====== GIVEN RECORDS ======

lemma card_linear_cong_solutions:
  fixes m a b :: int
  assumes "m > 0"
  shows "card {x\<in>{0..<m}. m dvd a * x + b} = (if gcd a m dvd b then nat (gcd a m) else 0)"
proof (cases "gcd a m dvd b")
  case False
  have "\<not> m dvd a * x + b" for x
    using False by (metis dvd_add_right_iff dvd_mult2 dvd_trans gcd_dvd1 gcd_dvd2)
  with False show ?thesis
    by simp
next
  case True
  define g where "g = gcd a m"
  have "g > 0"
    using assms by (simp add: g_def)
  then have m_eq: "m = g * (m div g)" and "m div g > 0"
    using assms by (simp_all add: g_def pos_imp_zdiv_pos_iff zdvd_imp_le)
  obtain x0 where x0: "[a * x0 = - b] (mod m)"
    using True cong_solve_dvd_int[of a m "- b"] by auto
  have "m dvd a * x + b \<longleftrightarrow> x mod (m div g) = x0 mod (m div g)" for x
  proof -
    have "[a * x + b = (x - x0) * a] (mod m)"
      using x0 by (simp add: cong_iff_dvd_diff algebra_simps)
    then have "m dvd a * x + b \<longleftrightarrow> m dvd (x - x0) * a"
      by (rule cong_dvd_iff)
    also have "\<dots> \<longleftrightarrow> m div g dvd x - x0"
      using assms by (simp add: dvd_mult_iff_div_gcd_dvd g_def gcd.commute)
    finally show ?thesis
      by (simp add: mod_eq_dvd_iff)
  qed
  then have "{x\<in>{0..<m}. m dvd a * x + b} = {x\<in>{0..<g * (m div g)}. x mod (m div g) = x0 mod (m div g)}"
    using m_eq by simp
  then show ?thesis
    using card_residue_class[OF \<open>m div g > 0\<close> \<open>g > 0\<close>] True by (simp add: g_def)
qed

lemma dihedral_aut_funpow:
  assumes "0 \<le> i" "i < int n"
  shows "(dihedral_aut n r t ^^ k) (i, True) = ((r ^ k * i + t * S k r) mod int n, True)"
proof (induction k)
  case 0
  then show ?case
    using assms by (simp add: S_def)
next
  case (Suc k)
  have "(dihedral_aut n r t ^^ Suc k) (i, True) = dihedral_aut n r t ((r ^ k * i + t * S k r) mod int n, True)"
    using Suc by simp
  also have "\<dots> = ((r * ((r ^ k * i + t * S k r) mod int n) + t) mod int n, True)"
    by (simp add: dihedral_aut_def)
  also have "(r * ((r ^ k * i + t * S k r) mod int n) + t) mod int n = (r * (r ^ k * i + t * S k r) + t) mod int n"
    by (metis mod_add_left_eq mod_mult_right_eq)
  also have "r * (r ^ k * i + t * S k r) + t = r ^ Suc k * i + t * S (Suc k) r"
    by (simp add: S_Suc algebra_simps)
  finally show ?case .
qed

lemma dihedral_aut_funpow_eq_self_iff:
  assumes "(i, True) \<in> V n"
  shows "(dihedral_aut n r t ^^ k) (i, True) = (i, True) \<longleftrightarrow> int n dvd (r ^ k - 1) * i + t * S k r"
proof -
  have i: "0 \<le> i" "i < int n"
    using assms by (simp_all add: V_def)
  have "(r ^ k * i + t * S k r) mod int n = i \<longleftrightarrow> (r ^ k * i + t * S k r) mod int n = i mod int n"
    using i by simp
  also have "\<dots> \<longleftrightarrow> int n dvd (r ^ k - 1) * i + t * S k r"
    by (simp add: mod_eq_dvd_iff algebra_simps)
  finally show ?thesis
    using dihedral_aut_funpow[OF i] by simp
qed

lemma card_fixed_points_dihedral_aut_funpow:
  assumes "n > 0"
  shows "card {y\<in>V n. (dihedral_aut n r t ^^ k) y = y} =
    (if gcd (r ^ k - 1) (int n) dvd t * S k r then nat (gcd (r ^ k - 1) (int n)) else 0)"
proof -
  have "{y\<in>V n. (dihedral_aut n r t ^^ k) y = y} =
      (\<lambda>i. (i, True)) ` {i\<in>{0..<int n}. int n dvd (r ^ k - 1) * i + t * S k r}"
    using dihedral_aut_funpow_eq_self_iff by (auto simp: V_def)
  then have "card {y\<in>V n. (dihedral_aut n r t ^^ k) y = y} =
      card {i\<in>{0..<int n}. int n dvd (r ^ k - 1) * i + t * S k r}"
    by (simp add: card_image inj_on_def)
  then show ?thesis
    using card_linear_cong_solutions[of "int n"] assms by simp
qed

======
====== GIVEN RECORDS ======

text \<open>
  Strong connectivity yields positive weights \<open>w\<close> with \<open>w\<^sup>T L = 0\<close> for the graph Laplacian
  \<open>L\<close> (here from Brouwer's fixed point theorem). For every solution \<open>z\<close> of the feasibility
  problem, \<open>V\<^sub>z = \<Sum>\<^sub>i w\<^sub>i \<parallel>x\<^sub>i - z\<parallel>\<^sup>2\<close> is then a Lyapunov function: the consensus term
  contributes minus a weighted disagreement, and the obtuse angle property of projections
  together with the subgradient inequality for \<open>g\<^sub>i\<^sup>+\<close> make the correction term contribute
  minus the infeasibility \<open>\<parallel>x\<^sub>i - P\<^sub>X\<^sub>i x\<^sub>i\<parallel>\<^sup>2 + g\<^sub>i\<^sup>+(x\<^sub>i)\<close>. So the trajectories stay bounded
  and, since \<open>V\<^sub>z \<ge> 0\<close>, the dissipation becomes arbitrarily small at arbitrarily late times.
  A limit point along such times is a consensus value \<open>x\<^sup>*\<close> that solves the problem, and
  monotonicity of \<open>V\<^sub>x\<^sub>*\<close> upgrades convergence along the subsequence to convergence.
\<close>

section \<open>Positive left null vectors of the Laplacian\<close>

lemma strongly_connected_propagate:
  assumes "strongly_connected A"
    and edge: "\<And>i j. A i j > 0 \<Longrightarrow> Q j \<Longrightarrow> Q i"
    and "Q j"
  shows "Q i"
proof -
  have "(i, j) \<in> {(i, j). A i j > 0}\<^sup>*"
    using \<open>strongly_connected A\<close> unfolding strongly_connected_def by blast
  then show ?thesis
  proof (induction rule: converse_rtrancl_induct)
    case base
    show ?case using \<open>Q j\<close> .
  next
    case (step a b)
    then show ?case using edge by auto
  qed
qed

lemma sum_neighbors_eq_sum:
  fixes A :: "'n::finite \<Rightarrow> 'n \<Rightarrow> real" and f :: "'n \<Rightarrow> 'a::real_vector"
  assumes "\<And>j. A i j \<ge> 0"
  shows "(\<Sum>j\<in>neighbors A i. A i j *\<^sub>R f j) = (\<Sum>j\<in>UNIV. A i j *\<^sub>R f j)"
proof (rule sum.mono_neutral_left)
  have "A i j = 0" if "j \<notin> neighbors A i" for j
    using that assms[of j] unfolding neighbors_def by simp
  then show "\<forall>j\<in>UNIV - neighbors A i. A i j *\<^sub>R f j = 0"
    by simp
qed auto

======
====== GIVEN RECORDS ======

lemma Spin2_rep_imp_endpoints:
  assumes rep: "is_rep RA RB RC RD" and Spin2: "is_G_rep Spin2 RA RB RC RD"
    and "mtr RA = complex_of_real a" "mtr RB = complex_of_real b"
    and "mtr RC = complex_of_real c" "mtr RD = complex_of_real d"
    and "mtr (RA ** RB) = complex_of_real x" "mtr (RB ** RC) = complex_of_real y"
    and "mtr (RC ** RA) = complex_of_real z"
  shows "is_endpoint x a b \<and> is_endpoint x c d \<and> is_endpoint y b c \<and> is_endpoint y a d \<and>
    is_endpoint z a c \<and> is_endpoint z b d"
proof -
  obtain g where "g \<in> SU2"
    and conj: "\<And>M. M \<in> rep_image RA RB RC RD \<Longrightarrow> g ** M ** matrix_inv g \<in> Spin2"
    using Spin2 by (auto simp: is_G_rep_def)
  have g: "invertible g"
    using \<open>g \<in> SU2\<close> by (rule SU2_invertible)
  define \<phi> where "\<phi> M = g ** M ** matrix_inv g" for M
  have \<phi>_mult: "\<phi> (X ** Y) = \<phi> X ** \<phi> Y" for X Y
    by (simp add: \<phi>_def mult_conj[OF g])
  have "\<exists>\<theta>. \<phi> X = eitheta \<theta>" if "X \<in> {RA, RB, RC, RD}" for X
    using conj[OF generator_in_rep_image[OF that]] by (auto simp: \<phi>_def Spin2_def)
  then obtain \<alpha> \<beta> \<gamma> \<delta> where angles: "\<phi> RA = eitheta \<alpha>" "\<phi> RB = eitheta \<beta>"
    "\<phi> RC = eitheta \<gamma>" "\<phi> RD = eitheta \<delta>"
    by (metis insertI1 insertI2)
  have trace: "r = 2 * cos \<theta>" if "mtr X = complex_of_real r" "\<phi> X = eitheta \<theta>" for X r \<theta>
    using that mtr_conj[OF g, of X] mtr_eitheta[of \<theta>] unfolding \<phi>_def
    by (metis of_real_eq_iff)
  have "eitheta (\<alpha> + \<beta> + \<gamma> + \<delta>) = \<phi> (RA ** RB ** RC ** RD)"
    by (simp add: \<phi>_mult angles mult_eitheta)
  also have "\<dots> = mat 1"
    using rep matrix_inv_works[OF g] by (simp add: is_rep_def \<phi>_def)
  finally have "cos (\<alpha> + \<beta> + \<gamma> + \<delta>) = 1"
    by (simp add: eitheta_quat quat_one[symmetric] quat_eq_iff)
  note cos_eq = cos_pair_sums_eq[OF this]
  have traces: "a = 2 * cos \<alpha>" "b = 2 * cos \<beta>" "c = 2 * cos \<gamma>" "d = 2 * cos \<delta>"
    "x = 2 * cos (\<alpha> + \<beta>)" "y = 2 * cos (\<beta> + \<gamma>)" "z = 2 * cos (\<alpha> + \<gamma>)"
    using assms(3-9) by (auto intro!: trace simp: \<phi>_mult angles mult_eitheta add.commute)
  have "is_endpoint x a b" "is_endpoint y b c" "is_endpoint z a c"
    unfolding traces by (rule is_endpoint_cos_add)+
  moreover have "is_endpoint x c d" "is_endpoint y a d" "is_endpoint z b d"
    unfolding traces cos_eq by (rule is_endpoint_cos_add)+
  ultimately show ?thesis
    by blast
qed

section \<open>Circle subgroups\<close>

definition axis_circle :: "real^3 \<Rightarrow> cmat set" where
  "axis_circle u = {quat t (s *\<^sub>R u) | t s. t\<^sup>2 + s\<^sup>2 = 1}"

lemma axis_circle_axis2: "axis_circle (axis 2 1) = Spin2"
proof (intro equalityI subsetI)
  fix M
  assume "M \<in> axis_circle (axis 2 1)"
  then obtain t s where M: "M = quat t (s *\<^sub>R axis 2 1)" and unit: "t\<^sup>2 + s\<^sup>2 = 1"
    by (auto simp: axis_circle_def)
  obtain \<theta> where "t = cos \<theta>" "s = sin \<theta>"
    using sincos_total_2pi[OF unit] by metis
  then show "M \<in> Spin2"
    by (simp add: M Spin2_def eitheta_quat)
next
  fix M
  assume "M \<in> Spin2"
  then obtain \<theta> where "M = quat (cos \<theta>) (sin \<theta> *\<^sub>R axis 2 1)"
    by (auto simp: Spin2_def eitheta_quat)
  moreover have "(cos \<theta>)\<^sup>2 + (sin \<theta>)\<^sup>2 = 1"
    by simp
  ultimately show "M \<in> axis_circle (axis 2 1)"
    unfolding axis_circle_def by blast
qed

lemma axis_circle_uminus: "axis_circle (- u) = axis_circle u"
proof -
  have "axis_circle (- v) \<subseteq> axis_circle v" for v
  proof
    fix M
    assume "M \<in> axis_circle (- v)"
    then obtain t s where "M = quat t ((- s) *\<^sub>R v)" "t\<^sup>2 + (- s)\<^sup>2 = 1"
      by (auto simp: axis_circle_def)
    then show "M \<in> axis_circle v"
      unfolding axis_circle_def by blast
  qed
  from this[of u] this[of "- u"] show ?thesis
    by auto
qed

======

== WORK TASK ==
All that is wanted is the stretch of lines above from the one containing "(\<lambda>i. (i, True))" through the one containing "by (simp add: card_image inj_on_def)", duplicated exactly.

== RESULT BELOW ==
      (\<lambda>i. (i, True)) ` {i\<in>{0..<int n}. int n dvd (r ^ k - 1) * i + t * S k r}"
    using dihedral_aut_funpow_eq_self_iff by (auto simp: V_def)
  then have "card {y\<in>V n. (dihedral_aut n r t ^^ k) y = y} =
      card {i\<in>{0..<int n}. int n dvd (r ^ k - 1) * i + t * S k r}"
    by (simp add: card_image inj_on_def)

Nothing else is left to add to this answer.